WHAT YOU ARE ASKED TO DO: Would you work out how many of the lines below hold "thesis" and reply with nothing but the number?

### EXTRACTED ENTRIES ###

(* Fix a target trajectory $\bm{p}_O:[0,\infty)\to\mathbb{R}^3$ (continuously differentiable) and an end-effector trajectory $\bm{p}_E:[0,\infty)\to\mathbb{R}^3$ obeying $$\dot{\bm{p}}_E(t)=\dot{\bm{p}}_{E,d}(t)+\bm{\Delta}(t),$$ where $\bm{\Delta}$ is an unknown term satisfying $\|\bm{\Delta}(t)\|\le\delta_E$ for all $t\ge0$, for some constant $\delta_E>0$. Let $\bm{e}_E=\bm{p}_E-\bm{p}_O=[e_{E,x},e_{E,y},e_{E,z}]^T$. Let $\bm{\Lambda}$ and $\bm{K}$ be positive diagonal $3\times3$ matrices and set $$\delta_{\bm z}=\frac{(\lambda_{\min}(\bm\Lambda)+\lambda_{\max}(\bm\Lambda))\,\delta_E}{\lambda_{\min}(\bm\Lambda)\,\lambda_{\min}(\bm K)}.$$ For each $\nu\in\{x,y,z\}$ let $\rho_\nu(t)=(\rho_{\nu,0}-\rho_{\nu,\infty})e^{-l_E t}+\rho_{\nu,\infty}$ with constants $l_E>0$, $\rho_{\nu,\infty}>0$ and $\rho_{\nu,0}>|e_{E,\nu}(0)|$, and assume $\bm K$ is chosen so that $\delta_{\bm z}<\min\{\rho_{\nu,\infty},\ \rho_{\nu,0}-|e_{E,\nu}(0)|\}$ for every $\nu$. Let $b_\nu=l_E e_{E,\nu}(0)+\dot e_{E,\nu}(0)$ and choose $c_\nu>0$ with $c_\nu>|b_\nu|/(\rho_{\nu,0}-\delta_{\bm z}-|e_{E,\nu}(0)|)$. Define the preset trajectory $\bm\alpha(t)=[\alpha_x(t),\alpha_y(t),\alpha_z(t)]^T$ by $$\alpha_\nu(t)=\frac{b_\nu}{c_\nu}(1-e^{-c_\nu t})e^{-l_E t}+e_{E,\nu}(0)e^{-l_E t},$$ and set $\bm z=\bm e_E-\bm\alpha(t)$, $\bm s=\bm z+\bm\Lambda\int_0^t\bm z\,d\tau$. If the desired end-effector velocity is given by the control law $$\dot{\bm p}_{E,d}=\dot{\bm p}_O+\dot{\bm\alpha}-\bm\Lambda\bm z-\bm K\bm s,$$ then the tracking error $\bm e_E$ is bounded and $|e_{E,\nu}(t)|<\rho_\nu(t)$ for all $t\ge0$ and all $\nu\in\{x,y,z\}$.
   Context: This is a kinematic tracking-control setting for the end-effector of an aerial manipulator: $\bm p_E$ is the end-effector position, $\bm p_O$ the target position, $\dot{\bm p}_{E,d}$ the commanded end-effector velocity, and $\bm\Delta$ the (bounded) mismatch between commanded and realized velocity. $\rho_\nu$ is the performance-envelope boundary function for coordinate $\nu$; $\dot e_{E,\nu}(0)$ is the initial rate of the tracking error. $\lambda_{\min},\lambda_{\max}$ denote minimum and maximum eigenvalues. *)

theory Defs
  imports "HOL-Analysis.Analysis"
begin

definition eigvals :: "real^'n^'n \<Rightarrow> real set" where
  "eigvals A = {\<mu>. \<exists>v. v \<noteq> 0 \<and> A *v v = \<mu> *\<^sub>R v}"

definition lambda_min :: "real^'n^'n \<Rightarrow> real" where
  "lambda_min A = Min (eigvals A)"

definition lambda_max :: "real^'n^'n \<Rightarrow> real" where
  "lambda_max A = Max (eigvals A)"

definition pos_diag :: "real^'n^'n \<Rightarrow> bool" where
  "pos_diag A \<longleftrightarrow> (\<forall>i j. i \<noteq> j \<longrightarrow> A $ i $ j = 0) \<and> (\<forall>i. A $ i $ i > 0)"

end

theory Submission
  imports Defs
begin

(* In each coordinate nu, with l = Lam$nu$nu and k = K$nu$nu, the control law turns the error
   dynamics into z' = Delta - l z - k s, where s = z + l w and w is the integral of z.
   Hence s' = -k s + Delta, so |s| <= deltaE / k, and w' = -l w + s gives l |w| < deltaE / k;
   therefore |z| = |s - l w| < 2 deltaE / k <= deltaz.  The preset trajectory alpha starts at
   e(0), so z(0) = 0, and |alpha(t)| <= (|b| / c + |e(0)|) exp(-lE t) < (rho0 - deltaz) exp(-lE t).
   Together with deltaz < rhoinf this keeps e = z + alpha strictly inside the envelope rho. *)

lemma has_vector_derivative_vec_nth:
  fixes f :: "real \<Rightarrow> real^'n"
  assumes "(f has_vector_derivative f') F"
  shows "((\<lambda>x. f x $ i) has_real_derivative f' $ i) F"
  using bounded_linear.has_vector_derivative[OF bounded_linear_vec_nth assms]
  by (simp add: has_real_derivative_iff_has_vector_derivative)

lemma has_vector_derivative_vec_lambda:
  fixes f :: "'n::finite \<Rightarrow> real \<Rightarrow> real"
  assumes "\<And>i. (f i has_real_derivative f' i) (at t within S)"
  shows "((\<lambda>t. \<chi> i. f i t) has_vector_derivative (\<chi> i. f' i)) (at t within S)"
proof -
  have "(\<lambda>h. h * c) = (*) c" for c :: real by auto
  then have "\<forall>b\<in>Basis. ((\<lambda>t. (\<chi> i. f i t) \<bullet> b) has_derivative (\<lambda>h. (h *\<^sub>R (\<chi> i. f' i)) \<bullet> b))
      (at t within S)"
    using assms by (auto simp: Basis_vec_def inner_axis has_field_derivative_def)
  then show ?thesis
    unfolding has_vector_derivative_def by (subst has_derivative_componentwise_within)
qed

lemma DERIV_within_nonpos_imp_decreasing:
  fixes f :: "real \<Rightarrow> real"
  assumes "a \<le> b"
    and deriv: "\<And>x. x \<in> {a..b} \<Longrightarrow> (f has_real_derivative f' x) (at x within {a..b})"
    and nonpos: "\<And>x. x \<in> {a..b} \<Longrightarrow> f' x \<le> 0"
  shows "f b \<le> f a"
proof (rule DERIV_nonpos_imp_decreasing_open[OF \<open>a \<le> b\<close>])
  show "continuous_on {a..b} f" using deriv by (rule DERIV_continuous_on)
  fix x assume "a < x" "x < b"
  then show "\<exists>y. (f has_real_derivative y) (at x) \<and> y \<le> 0"
    using deriv[of x] nonpos[of x] at_within_Icc_at[of a x b] by auto
qed

lemma mult_exp_decay_le_abs:
  fixes a l t :: real
  assumes "0 \<le> l" "0 \<le> t"
  shows "a * exp (- l * t) \<le> \<bar>a\<bar>"
proof -
  have "a * exp (- l * t) \<le> \<bar>a\<bar> * exp (- l * t)"
    by (rule mult_right_mono) auto
  also have "\<dots> \<le> \<bar>a\<bar>"
    using assms by (simp add: mult_left_le)
  finally show ?thesis .
qed

lemma bounded_image_if_abs_components_le:
  fixes f :: "'a \<Rightarrow> real^'n"
  assumes "\<And>x i. x \<in> S \<Longrightarrow> \<bar>f x $ i\<bar> \<le> B i"
  shows "bounded (f ` S)"
proof -
  have "f ` S \<subseteq> cbox (- (\<chi> i. B i)) (\<chi> i. B i)"
    using assms by (auto simp: mem_box_cart abs_le_iff minus_le_iff)
  then show ?thesis
    using bounded_subset[OF bounded_cbox] by blast
qed

lemma diag_matrix_vector_mult_nth:
  fixes A :: "'a::semiring_1^'n^'n"
  assumes "\<forall>i j. i \<noteq> j \<longrightarrow> A $ i $ j = 0"
  shows "(A *v x) $ i = A $ i $ i * x $ i"
proof -
  have "(A *v x) $ i = (\<Sum>j\<in>UNIV. A $ i $ j * x $ j)"
    by (simp add: matrix_vector_mult_def)
  also have "\<dots> = (\<Sum>j\<in>UNIV. if j = i then A $ i $ i * x $ i else 0)"
    by (rule sum.cong) (auto simp: assms)
  finally show ?thesis by simp
qed

lemma eigvals_diag:
  fixes A :: "real^'n^'n"
  assumes diag: "\<forall>i j. i \<noteq> j \<longrightarrow> A $ i $ j = 0"
  shows "eigvals A = range (\<lambda>i. A $ i $ i)"
proof
  show "eigvals A \<subseteq> range (\<lambda>i. A $ i $ i)"
  proof
    fix \<mu> assume "\<mu> \<in> eigvals A"
    then obtain v where "v \<noteq> 0" and v: "A *v v = \<mu> *\<^sub>R v" by (auto simp: eigvals_def)
    then obtain i where "v $ i \<noteq> 0" by (auto simp: vec_eq_iff)
    moreover have "A $ i $ i * v $ i = \<mu> * v $ i"
      using arg_cong[OF v, of "\<lambda>w. w $ i"] by (simp add: diag_matrix_vector_mult_nth[OF diag])
    ultimately show "\<mu> \<in> range (\<lambda>i. A $ i $ i)" by auto
  qed
  show "range (\<lambda>i. A $ i $ i) \<subseteq> eigvals A"
  proof clarify
    fix i
    have "A *v axis i 1 = A $ i $ i *\<^sub>R axis i 1"
      by (simp add: vec_eq_iff diag_matrix_vector_mult_nth[OF diag] axis_def)
    moreover have "axis i (1::real) \<noteq> 0" by (simp add: axis_eq_0_iff)
    ultimately show "A $ i $ i \<in> eigvals A"
      unfolding eigvals_def by blast
  qed
qed

lemma lambda_min_le_diag:
  assumes "\<forall>i j. i \<noteq> j \<longrightarrow> A $ i $ j = 0"
  shows "lambda_min A \<le> A $ i $ i"
  by (simp add: lambda_min_def eigvals_diag[OF assms])

lemma diag_le_lambda_max:
  assumes "\<forall>i j. i \<noteq> j \<longrightarrow> A $ i $ j = 0"
  shows "A $ i $ i \<le> lambda_max A"
  by (simp add: lambda_max_def eigvals_diag[OF assms])

lemma lambda_min_pos:
  assumes "pos_diag A"
  shows "0 < lambda_min A"
proof -
  have "lambda_min A \<in> range (\<lambda>i. A $ i $ i)"
    using assms unfolding lambda_min_def pos_diag_def
    by (subst eigvals_diag) (auto intro: Min_in)
  then show ?thesis using assms unfolding pos_diag_def by auto
qed

lemma twice_div_diag_le_eigenvalue_quotient:
  assumes \<Lambda>: "pos_diag \<Lambda>" and K: "pos_diag K" and "0 \<le> \<delta>"
  shows "2 * \<delta> / K $ i $ i \<le> (lambda_min \<Lambda> + lambda_max \<Lambda>) * \<delta> / (lambda_min \<Lambda> * lambda_min K)"
proof -
  have "lambda_min \<Lambda> \<le> lambda_max \<Lambda>"
    using \<Lambda> lambda_min_le_diag diag_le_lambda_max order_trans unfolding pos_diag_def by blast
  then have "2 \<le> (lambda_min \<Lambda> + lambda_max \<Lambda>) / lambda_min \<Lambda>"
    using lambda_min_pos[OF \<Lambda>] by (simp add: field_simps)
  moreover have "\<delta> / K $ i $ i \<le> \<delta> / lambda_min K"
  proof (rule divide_left_mono[OF _ \<open>0 \<le> \<delta>\<close>])
    show "lambda_min K \<le> K $ i $ i"
      using K lambda_min_le_diag unfolding pos_diag_def by blast
    show "0 < K $ i $ i * lambda_min K"
      using K lambda_min_pos[OF K] unfolding pos_diag_def by simp
  qed
  moreover have "0 \<le> \<delta> / K $ i $ i"
    using \<open>0 \<le> \<delta>\<close> K unfolding pos_diag_def by (simp add: less_imp_le)
  ultimately have "2 * (\<delta> / K $ i $ i)
      \<le> (lambda_min \<Lambda> + lambda_max \<Lambda>) / lambda_min \<Lambda> * (\<delta> / lambda_min K)"
    by (intro mult_mono) auto
  then show ?thesis by simp
qed

lemma linear_ode_comparison:
  fixes F G :: "real \<Rightarrow> real"
  assumes "0 \<le> t" "0 < a" "F 0 = 0"
    and deriv: "\<And>x. x \<in> {0..t} \<Longrightarrow> (F has_real_derivative - a * F x + G x) (at x within {0..t})"
    and bound: "\<And>x. x \<in> {0..t} \<Longrightarrow> G x \<le> m"
  shows "a * F t \<le> m * (1 - exp (- a * t))"
proof -
  define g where "g u = exp (a * u) * (a * F u - m)" for u
  have "g t \<le> g 0"
  proof (rule DERIV_within_nonpos_imp_decreasing[OF \<open>0 \<le> t\<close>])
    fix x assume x: "x \<in> {0..t}"
    have "(g has_real_derivative
        exp (a * x) * a * (a * F x - m) + exp (a * x) * (a * (- a * F x + G x))) (at x within {0..t})"
      unfolding g_def by (auto intro!: derivative_eq_intros deriv[OF x])
    then show "(g has_real_derivative a * exp (a * x) * (G x - m)) (at x within {0..t})"
      by (simp add: algebra_simps)
    show "a * exp (a * x) * (G x - m) \<le> 0"
      using \<open>0 < a\<close> bound[OF x] by (simp add: mult_nonneg_nonpos)
  qed
  then have "exp (a * t) * (a * F t - m) \<le> - m"
    using \<open>F 0 = 0\<close> by (simp add: g_def)
  then have "a * F t - m \<le> - m * exp (- a * t)"
    by (simp add: exp_minus field_simps)
  then show ?thesis
    by (simp add: algebra_simps)
qed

###

SOLUTION FOR THIS EXERCISE: 7